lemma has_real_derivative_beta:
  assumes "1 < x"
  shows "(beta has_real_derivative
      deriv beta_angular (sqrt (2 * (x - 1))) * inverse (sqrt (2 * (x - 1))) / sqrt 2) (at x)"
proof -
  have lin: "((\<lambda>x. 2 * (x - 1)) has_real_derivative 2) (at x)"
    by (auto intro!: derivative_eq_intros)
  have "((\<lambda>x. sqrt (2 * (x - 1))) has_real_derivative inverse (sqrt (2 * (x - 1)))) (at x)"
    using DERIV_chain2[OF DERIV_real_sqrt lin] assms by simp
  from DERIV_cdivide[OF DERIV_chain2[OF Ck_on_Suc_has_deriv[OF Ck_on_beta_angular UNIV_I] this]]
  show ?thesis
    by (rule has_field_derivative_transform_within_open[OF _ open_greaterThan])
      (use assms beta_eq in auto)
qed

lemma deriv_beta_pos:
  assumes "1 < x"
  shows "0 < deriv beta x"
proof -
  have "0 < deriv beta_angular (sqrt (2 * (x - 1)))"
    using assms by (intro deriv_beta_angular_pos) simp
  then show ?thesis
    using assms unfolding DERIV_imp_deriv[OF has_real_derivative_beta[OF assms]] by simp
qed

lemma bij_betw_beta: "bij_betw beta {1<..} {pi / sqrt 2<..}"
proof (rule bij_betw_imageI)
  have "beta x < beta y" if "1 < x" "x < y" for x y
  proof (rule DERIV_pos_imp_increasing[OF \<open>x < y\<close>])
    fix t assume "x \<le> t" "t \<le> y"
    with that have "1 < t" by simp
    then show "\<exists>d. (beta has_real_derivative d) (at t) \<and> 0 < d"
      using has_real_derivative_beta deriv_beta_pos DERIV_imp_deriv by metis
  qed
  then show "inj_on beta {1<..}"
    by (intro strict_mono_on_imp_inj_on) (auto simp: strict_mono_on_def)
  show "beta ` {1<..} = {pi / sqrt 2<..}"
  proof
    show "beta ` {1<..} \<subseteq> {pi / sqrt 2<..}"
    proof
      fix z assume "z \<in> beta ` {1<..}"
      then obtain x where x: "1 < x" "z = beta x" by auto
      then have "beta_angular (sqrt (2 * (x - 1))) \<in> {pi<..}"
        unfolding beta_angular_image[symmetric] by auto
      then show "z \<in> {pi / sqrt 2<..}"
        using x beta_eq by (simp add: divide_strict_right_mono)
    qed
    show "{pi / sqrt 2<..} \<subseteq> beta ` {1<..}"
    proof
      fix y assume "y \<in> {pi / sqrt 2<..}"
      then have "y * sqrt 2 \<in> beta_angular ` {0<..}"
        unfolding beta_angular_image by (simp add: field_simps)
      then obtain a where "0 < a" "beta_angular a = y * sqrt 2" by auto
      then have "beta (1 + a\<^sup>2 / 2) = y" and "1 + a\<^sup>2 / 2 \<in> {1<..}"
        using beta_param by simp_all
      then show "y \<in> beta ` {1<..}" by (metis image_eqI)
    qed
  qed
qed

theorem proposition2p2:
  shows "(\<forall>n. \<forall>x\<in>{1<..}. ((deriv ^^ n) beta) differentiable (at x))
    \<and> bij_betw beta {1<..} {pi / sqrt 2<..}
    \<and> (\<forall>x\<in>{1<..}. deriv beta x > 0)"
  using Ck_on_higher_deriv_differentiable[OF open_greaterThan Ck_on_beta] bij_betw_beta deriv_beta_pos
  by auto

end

********************

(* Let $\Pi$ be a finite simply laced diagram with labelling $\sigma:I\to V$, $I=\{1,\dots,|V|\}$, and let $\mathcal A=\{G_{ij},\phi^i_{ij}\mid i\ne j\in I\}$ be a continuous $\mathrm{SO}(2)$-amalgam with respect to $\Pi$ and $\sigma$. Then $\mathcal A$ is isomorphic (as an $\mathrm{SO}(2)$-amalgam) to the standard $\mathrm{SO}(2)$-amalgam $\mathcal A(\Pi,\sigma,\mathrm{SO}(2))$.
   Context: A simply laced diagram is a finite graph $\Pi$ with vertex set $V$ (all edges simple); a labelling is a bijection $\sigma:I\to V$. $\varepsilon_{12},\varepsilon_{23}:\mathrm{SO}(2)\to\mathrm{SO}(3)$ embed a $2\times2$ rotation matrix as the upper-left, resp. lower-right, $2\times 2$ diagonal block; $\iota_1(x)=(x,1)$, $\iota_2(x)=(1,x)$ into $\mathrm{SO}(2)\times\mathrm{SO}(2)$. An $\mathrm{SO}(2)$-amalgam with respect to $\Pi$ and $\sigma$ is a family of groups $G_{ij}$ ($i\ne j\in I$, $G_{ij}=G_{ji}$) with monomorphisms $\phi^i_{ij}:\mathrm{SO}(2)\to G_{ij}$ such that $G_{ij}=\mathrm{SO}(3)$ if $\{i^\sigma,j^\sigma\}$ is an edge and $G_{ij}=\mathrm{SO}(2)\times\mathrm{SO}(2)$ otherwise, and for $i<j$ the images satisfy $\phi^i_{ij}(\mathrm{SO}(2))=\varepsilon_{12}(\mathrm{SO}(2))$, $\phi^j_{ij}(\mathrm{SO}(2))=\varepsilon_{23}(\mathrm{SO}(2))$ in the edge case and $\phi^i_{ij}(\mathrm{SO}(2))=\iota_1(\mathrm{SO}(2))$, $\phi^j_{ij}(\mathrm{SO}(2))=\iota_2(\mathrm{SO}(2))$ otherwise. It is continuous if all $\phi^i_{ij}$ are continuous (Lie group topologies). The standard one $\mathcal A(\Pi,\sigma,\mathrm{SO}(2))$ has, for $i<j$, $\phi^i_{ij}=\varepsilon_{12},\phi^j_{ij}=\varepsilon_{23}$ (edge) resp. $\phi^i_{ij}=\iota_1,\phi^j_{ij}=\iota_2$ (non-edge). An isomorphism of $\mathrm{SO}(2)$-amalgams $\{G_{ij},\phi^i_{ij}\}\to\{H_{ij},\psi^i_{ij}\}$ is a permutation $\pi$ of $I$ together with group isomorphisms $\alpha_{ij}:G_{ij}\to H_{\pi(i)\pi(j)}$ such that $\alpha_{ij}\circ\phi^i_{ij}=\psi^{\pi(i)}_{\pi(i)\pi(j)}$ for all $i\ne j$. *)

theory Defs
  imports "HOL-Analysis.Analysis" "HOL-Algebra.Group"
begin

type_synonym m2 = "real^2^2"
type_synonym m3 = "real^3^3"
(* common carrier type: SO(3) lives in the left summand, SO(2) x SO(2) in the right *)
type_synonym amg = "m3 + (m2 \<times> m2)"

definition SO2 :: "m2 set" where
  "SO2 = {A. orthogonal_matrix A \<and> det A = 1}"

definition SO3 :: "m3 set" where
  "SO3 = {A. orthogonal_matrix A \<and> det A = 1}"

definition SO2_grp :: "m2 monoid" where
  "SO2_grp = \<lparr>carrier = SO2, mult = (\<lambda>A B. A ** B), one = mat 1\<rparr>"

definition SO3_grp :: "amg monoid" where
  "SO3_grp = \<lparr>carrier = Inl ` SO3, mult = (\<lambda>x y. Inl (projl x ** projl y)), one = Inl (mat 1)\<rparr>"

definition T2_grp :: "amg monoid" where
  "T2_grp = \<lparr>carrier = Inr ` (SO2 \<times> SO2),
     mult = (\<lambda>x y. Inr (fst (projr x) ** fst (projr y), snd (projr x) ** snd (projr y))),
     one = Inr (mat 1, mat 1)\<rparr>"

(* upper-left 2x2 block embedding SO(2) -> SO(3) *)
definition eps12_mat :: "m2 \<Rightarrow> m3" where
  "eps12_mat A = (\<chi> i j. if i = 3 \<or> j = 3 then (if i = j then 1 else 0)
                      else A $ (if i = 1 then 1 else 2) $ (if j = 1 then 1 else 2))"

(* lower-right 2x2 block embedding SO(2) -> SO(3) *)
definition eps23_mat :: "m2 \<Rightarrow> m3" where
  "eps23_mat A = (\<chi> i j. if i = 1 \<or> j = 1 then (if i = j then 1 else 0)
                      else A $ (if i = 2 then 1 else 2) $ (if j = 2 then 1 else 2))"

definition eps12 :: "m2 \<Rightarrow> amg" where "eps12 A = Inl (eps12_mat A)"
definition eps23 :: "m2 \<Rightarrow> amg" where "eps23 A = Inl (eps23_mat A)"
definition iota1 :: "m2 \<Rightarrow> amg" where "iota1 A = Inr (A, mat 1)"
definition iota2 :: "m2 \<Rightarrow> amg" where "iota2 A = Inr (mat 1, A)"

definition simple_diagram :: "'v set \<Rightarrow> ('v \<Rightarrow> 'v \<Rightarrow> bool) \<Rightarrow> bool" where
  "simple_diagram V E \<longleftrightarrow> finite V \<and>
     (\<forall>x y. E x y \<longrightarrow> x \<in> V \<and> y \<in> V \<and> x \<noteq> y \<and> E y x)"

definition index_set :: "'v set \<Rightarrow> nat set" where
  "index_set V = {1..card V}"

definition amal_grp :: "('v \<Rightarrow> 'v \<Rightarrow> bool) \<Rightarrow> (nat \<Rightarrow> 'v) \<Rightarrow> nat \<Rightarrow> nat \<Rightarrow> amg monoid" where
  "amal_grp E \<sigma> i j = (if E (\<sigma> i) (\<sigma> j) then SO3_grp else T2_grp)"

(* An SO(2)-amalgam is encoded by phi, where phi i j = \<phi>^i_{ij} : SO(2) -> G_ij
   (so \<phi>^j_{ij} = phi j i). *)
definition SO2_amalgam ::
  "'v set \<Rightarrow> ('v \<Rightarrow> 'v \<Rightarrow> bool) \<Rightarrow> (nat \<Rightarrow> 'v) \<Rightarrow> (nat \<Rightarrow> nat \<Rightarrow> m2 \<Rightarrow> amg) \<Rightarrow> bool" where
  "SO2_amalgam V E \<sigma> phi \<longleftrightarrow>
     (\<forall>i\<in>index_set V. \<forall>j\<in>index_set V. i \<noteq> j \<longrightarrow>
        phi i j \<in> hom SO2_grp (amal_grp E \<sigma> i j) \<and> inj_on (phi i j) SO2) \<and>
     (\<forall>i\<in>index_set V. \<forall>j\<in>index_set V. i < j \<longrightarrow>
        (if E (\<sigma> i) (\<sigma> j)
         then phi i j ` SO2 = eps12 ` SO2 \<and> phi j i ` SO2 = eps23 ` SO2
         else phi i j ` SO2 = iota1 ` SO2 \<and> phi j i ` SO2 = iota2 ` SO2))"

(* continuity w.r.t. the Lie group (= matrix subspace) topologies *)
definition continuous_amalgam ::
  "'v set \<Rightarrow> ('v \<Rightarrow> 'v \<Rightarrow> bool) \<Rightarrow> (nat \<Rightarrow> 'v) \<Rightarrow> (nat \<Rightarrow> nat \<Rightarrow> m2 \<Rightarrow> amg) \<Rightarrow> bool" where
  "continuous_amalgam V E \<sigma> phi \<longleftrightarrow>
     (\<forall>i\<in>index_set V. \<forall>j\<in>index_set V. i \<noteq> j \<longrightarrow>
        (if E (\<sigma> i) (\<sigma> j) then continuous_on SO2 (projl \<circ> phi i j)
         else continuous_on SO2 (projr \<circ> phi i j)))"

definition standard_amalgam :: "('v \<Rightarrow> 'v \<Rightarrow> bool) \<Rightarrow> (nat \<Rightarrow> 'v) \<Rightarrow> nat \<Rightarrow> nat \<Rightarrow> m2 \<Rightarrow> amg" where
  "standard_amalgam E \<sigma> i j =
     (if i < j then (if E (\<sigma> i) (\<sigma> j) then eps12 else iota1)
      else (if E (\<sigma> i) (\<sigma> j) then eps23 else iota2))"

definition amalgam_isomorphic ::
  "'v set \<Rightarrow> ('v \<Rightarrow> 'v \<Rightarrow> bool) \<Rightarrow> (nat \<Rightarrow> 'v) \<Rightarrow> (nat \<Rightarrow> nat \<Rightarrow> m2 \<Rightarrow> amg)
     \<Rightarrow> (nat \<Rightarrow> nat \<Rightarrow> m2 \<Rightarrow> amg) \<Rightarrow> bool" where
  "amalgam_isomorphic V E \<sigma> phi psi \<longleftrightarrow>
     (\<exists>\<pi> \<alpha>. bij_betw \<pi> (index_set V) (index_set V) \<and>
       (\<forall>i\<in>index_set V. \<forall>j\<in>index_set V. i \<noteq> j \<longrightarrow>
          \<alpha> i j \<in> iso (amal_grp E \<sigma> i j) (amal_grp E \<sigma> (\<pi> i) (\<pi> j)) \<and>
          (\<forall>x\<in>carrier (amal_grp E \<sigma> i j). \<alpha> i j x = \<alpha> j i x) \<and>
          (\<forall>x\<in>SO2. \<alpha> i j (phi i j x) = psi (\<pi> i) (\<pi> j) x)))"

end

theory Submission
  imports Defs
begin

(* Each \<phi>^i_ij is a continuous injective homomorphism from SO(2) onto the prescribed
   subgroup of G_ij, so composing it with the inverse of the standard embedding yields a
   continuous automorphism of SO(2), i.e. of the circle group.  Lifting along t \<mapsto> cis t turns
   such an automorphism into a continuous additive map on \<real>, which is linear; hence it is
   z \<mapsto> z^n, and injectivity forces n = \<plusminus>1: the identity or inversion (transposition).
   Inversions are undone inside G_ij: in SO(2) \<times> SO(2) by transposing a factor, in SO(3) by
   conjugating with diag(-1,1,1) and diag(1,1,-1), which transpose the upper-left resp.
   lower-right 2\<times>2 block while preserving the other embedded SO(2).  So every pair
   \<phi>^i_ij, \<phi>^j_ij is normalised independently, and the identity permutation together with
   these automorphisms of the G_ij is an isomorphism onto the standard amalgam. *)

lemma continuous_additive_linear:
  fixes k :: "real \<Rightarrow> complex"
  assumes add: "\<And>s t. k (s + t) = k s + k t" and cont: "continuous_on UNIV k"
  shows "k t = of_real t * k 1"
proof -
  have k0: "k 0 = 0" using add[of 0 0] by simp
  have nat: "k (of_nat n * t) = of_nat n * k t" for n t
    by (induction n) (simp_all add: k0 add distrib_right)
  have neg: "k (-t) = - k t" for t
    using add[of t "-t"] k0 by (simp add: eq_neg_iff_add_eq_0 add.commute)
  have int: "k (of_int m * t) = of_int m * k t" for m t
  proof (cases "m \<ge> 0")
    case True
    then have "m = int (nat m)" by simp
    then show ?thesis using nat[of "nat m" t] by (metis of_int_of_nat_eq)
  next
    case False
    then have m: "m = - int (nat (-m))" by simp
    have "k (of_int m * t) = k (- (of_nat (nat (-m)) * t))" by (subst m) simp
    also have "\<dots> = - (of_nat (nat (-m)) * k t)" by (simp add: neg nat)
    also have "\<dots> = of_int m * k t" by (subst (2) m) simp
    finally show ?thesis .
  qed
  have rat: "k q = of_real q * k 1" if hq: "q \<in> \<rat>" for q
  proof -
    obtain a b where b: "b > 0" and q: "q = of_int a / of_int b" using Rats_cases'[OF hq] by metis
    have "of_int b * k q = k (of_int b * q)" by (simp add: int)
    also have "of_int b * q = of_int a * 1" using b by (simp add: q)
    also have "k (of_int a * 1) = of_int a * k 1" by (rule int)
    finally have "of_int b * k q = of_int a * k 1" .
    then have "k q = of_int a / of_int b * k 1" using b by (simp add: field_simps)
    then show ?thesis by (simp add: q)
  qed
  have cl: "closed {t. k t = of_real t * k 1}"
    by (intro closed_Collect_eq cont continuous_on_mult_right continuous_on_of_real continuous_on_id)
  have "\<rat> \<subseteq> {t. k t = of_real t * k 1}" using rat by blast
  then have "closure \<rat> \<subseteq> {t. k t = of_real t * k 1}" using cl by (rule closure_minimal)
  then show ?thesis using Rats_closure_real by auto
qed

********************

**Exercise brief**
As listed above, the lines from the line with "A = Inl (eps12_mat" to the line with "finite V \<and>" are to be echoed exactly, with both ends included and nothing added.

**Written response**
definition eps12 :: "m2 \<Rightarrow> amg" where "eps12 A = Inl (eps12_mat A)"
definition eps23 :: "m2 \<Rightarrow> amg" where "eps23 A = Inl (eps23_mat A)"
definition iota1 :: "m2 \<Rightarrow> amg" where "iota1 A = Inr (A, mat 1)"
definition iota2 :: "m2 \<Rightarrow> amg" where "iota2 A = Inr (mat 1, A)"

definition simple_diagram :: "'v set \<Rightarrow> ('v \<Rightarrow> 'v \<Rightarrow> bool) \<Rightarrow> bool" where
  "simple_diagram V E \<longleftrightarrow> finite V \<and>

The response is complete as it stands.